Whatever these tests showed, there were no earlier baseline data to compare them against. For me, that was the deciding point, and Citrin had framed it very clearly for the jury. Once our deliberations began, we quickly agreed overall that the plaintiffs hadn’t convinced us, especially regarding negligence. We awarded no monetary compensation.
We worried about the impact that our verdict might have on Nicholas, who came into court briefly during the trial. He was a physically healthy child with long, curly hair and a pleasant manner. He waved and smiled at the jury members. As a father of three, I could not help but feel compassion for Nicholas and his mother. All of the jurors felt the same way: we were concerned about what the future might hold for them.

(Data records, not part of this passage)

lemma inj_on_pi_map:
  fixes \<phi> :: "'a::euclidean_space \<Rightarrow> real"
  assumes N: "is_norm_on \<phi>" and SC: "strictly_convex_norm \<phi>"
    and D: "\<And>x. x \<noteq> 0 \<Longrightarrow> (\<phi> has_derivative D x) (at x)" and \<eta>: "\<phi> \<eta> = 1"
  shows "inj_on (pi_map \<phi> \<eta>) {z. \<phi> z = 1 \<and> \<phi> (z - \<eta>) \<le> 1}"
proof (rule inj_onI)
  have D1: "(\<phi> has_derivative D z) (at z)" if "\<phi> z = 1" for z
    using that is_norm_on_zero[OF N] by (intro D) auto
  fix z\<^sub>1 z\<^sub>2 assume z\<^sub>1: "z\<^sub>1 \<in> {z. \<phi> z = 1 \<and> \<phi> (z - \<eta>) \<le> 1}"
    and z\<^sub>2: "z\<^sub>2 \<in> {z. \<phi> z = 1 \<and> \<phi> (z - \<eta>) \<le> 1}"
    and "pi_map \<phi> \<eta> z\<^sub>1 = pi_map \<phi> \<eta> z\<^sub>2"
  define t where "t = D \<eta> z\<^sub>1 - D \<eta> z\<^sub>2"
  have diff: "z\<^sub>1 - z\<^sub>2 = t *\<^sub>R \<eta>"
    using \<open>pi_map \<phi> \<eta> z\<^sub>1 = pi_map \<phi> \<eta> z\<^sub>2\<close> unfolding pi_map_eq[OF D1[OF \<eta>] \<eta>] t_def
    by (simp add: algebra_simps)
  have apply_diff: "t * D z \<eta> = D z z\<^sub>1 - D z z\<^sub>2" if "\<phi> z = 1" for z
    using has_derivative_linear[OF D1[OF that]] diff
    by (metis linear_diff linear_scale real_scaleR_def)
  have "t * D z\<^sub>1 \<eta> \<ge> 0"
    using apply_diff[of z\<^sub>1] z\<^sub>1 z\<^sub>2 is_norm_on_derivative_self[OF N D1, of z\<^sub>1]
      is_norm_on_derivative_le[OF N D1, of z\<^sub>1 z\<^sub>2] by simp
  moreover have "t * D z\<^sub>2 \<eta> \<le> 0"
    using apply_diff[of z\<^sub>2] z\<^sub>1 z\<^sub>2 is_norm_on_derivative_self[OF N D1, of z\<^sub>2]
      is_norm_on_derivative_le[OF N D1, of z\<^sub>2 z\<^sub>1] by simp
  moreover have "D z\<^sub>1 \<eta> > 0" "D z\<^sub>2 \<eta> > 0"
    using z\<^sub>1 z\<^sub>2 by (auto intro: is_norm_on_derivative_pos[OF N SC D1 _ \<eta>])
  ultimately have "t = 0" by (simp add: zero_le_mult_iff mult_le_0_iff)
  then show "z\<^sub>1 = z\<^sub>2" using diff by simp
qed

lemma opnorm_phi_le:
  assumes N: "is_norm_on \<phi>" and bound: "\<And>x. \<phi> x \<le> 1 \<Longrightarrow> \<phi> (L x) \<le> c"
  shows "opnorm_phi \<phi> L \<le> c"
  unfolding opnorm_phi_def
proof (rule cSup_least)
  have "0 \<in> {x. \<phi> x \<le> 1}" using is_norm_on_zero[OF N] by simp
  then show "(\<lambda>x. \<phi> (L x)) ` {x. \<phi> x \<le> 1} \<noteq> {}" by blast
qed (use bound in auto)

lemma pi_map_diff_le:
  fixes \<phi> :: "'a::euclidean_space \<Rightarrow> real"
  assumes N: "is_norm_on \<phi>"
    and d\<eta>: "(\<phi> has_derivative D\<eta>) (at \<eta>)" and \<eta>: "\<phi> \<eta> = 1"
    and d\<zeta>: "(\<phi> has_derivative D\<zeta>) (at \<zeta>)" and \<zeta>: "\<phi> \<zeta> = 1"
  shows "\<phi> (pi_map \<phi> \<eta> x - pi_map \<phi> \<zeta> x) \<le> \<bar>D\<zeta> x - D\<eta> x\<bar> + \<phi> x * \<phi> (\<eta> - \<zeta>)"
proof -
  have "pi_map \<phi> \<eta> x - pi_map \<phi> \<zeta> x = (D\<zeta> x - D\<eta> x) *\<^sub>R \<zeta> + D\<eta> x *\<^sub>R (\<zeta> - \<eta>)"
    unfolding pi_map_eq[OF d\<eta> \<eta>] pi_map_eq[OF d\<zeta> \<zeta>] by (simp add: algebra_simps)
  then have "\<phi> (pi_map \<phi> \<eta> x - pi_map \<phi> \<zeta> x)
      \<le> \<phi> ((D\<zeta> x - D\<eta> x) *\<^sub>R \<zeta>) + \<phi> (D\<eta> x *\<^sub>R (\<zeta> - \<eta>))"
    by (simp add: is_norm_on_triangle[OF N])
  also have "\<dots> = \<bar>D\<zeta> x - D\<eta> x\<bar> + \<bar>D\<eta> x\<bar> * \<phi> (\<eta> - \<zeta>)"
    using \<zeta> by (simp add: is_norm_on_scaleR[OF N] is_norm_on_commute[OF N, of \<zeta>])
  also have "\<dots> \<le> \<bar>D\<zeta> x - D\<eta> x\<bar> + \<phi> x * \<phi> (\<eta> - \<zeta>)"
    using is_norm_on_abs_derivative_le[OF N d\<eta>] is_norm_on_nonneg[OF N]
    by (simp add: mult_right_mono)
  finally show ?thesis .
qed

However, we were told after the trial by the presiding judge, New York State Supreme Court Justice Roger N. Rosengarten, that to reach a mutually acceptable financial settlement, Citrin had offered Langell what is known as a “high/low agreement.” In a high/low agreement, the low figure sets a minimum amount that a plaintiff is assured of receiving. The high figure is the maximum amount the plaintiff stands to gain, regardless of what a jury decides. In effect, this agreement puts the financial outcome of a civil trial beyond the jury’s control. Why did Citrin believe it was necessary to offer the high/low?
“If we lost and had to pay compensation, all or most of Dr. Stern’s personal assets, including her house, could have been taken away from her. LIJ was not subject to the high/low, so she would have been the only one held financially liable. I wanted to protect Dr. Stern’s personal assets.”

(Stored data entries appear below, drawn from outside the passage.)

lemma prefix_sum_continuous: "continuous_on A (prefix_sum D)"
  unfolding prefix_sum_def frac_weight_def by (intro continuous_intros)

text \<open>prefix_sum agrees with the right-hand side in the definition of y(G).\<close>
lemma prefix_sum_eq_floor_form:
  assumes "1 \<le> y" "y \<le> real (length D)"
  shows "(\<Sum>k = 1..nat \<lfloor>y\<rfloor>. real (D ! (k - 1))) + (y - of_int \<lfloor>y\<rfloor>) * real (D ! (nat \<lceil>y\<rceil> - 1))
         = prefix_sum D y"
proof -
  define K where "K = nat \<lfloor>y\<rfloor>"
  have K: "real K \<le> y" "y < real K + 1" "of_int \<lfloor>y\<rfloor> = real K"
    using assms unfolding K_def by (auto simp: of_nat_nat)
  have K_le: "K \<le> length D"
    using floor_mono[OF assms(2)] unfolding K_def by (simp add: nat_le_iff)
  have "{1..K} = Suc ` {..<K}" by (simp add: image_Suc_lessThan)
  then have shift: "(\<Sum>k = 1..K. real (D ! (k - 1))) = (\<Sum>k<K. real (D ! k))"
    by (simp add: sum.reindex)
  have "prefix_sum D y = (\<Sum>k<min (length D) K. real (D ! k))
          + (if K < length D then (y - real K) * real (D ! K) else 0)"
    unfolding prefix_sum_def K_def using assms by (intro sum_frac_weight) simp
  also have "\<dots> = (\<Sum>k = 1..K. real (D ! (k - 1))) + (y - of_int \<lfloor>y\<rfloor>) * real (D ! (nat \<lceil>y\<rceil> - 1))"
  proof (cases "y = real K")
    case True
    then show ?thesis using shift K_le K by (simp add: min_absorb2)
  next
    case False
    then have "K < length D" "\<lceil>y\<rceil> = int K + 1"
      using K_le assms K by (auto simp: ceiling_eq_iff)
    then have "K < length D" "nat \<lceil>y\<rceil> = K + 1" by simp_all
    then show ?thesis using shift K by (simp add: min_absorb2)
  qed
  finally show ?thesis unfolding K_def by simp
qed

It’s easy to understand why Langell accepted the offer: “We might have gone home empty-handed. I could not let that happen if there was an alternative,” Langell said after the close of the trial. Caputo, who had originally sought a million dollars, accepted $600,000 under the agreement. Neither she nor Langell agreed to be interviewed for this article despite repeated requests.
“Caputo was the type of case where the facts could have supported either side,” Justice Rosengarten says. A verdict had the potential for plaintiffs to go home with nothing or for defendants to pay a much larger amount in compensation than they expected. Mr. Citrin’s offer of the high-low served the interests of both sides. I’m glad that they were able to reach an agreement.”
Medical malpractice remains a politically sensitive issue. There are some indications that the Barack Obama presidency might create a very different arena for deciding medical malpractice cases. Obama coauthored an article in 2006 with Hillary Clinton for the New England Journal of Medicine, titled “Making Patient Safety the Centerpiece of Medical Liability Reform.” The article recommended an alternative dispute resolution mechanism, which could radically change or eliminate the current litigation-based civil tort system.
Obama and Clinton favored a nonbinding process by which physicians could confidentially accept responsibility for medical errors in exchange for an offer of “fair compensation” and the patient’s promise not to sue. However, if the result is nonbinding, the parties could still try their case in a civil court. Predictably, opinion is divided—some legal experts see the change as necessary because the current system has become too expensive and time-consuming. Civil practice lawyers and judges are generally against it: they believe that it would be anti-democratic to deny plaintiffs their day in court.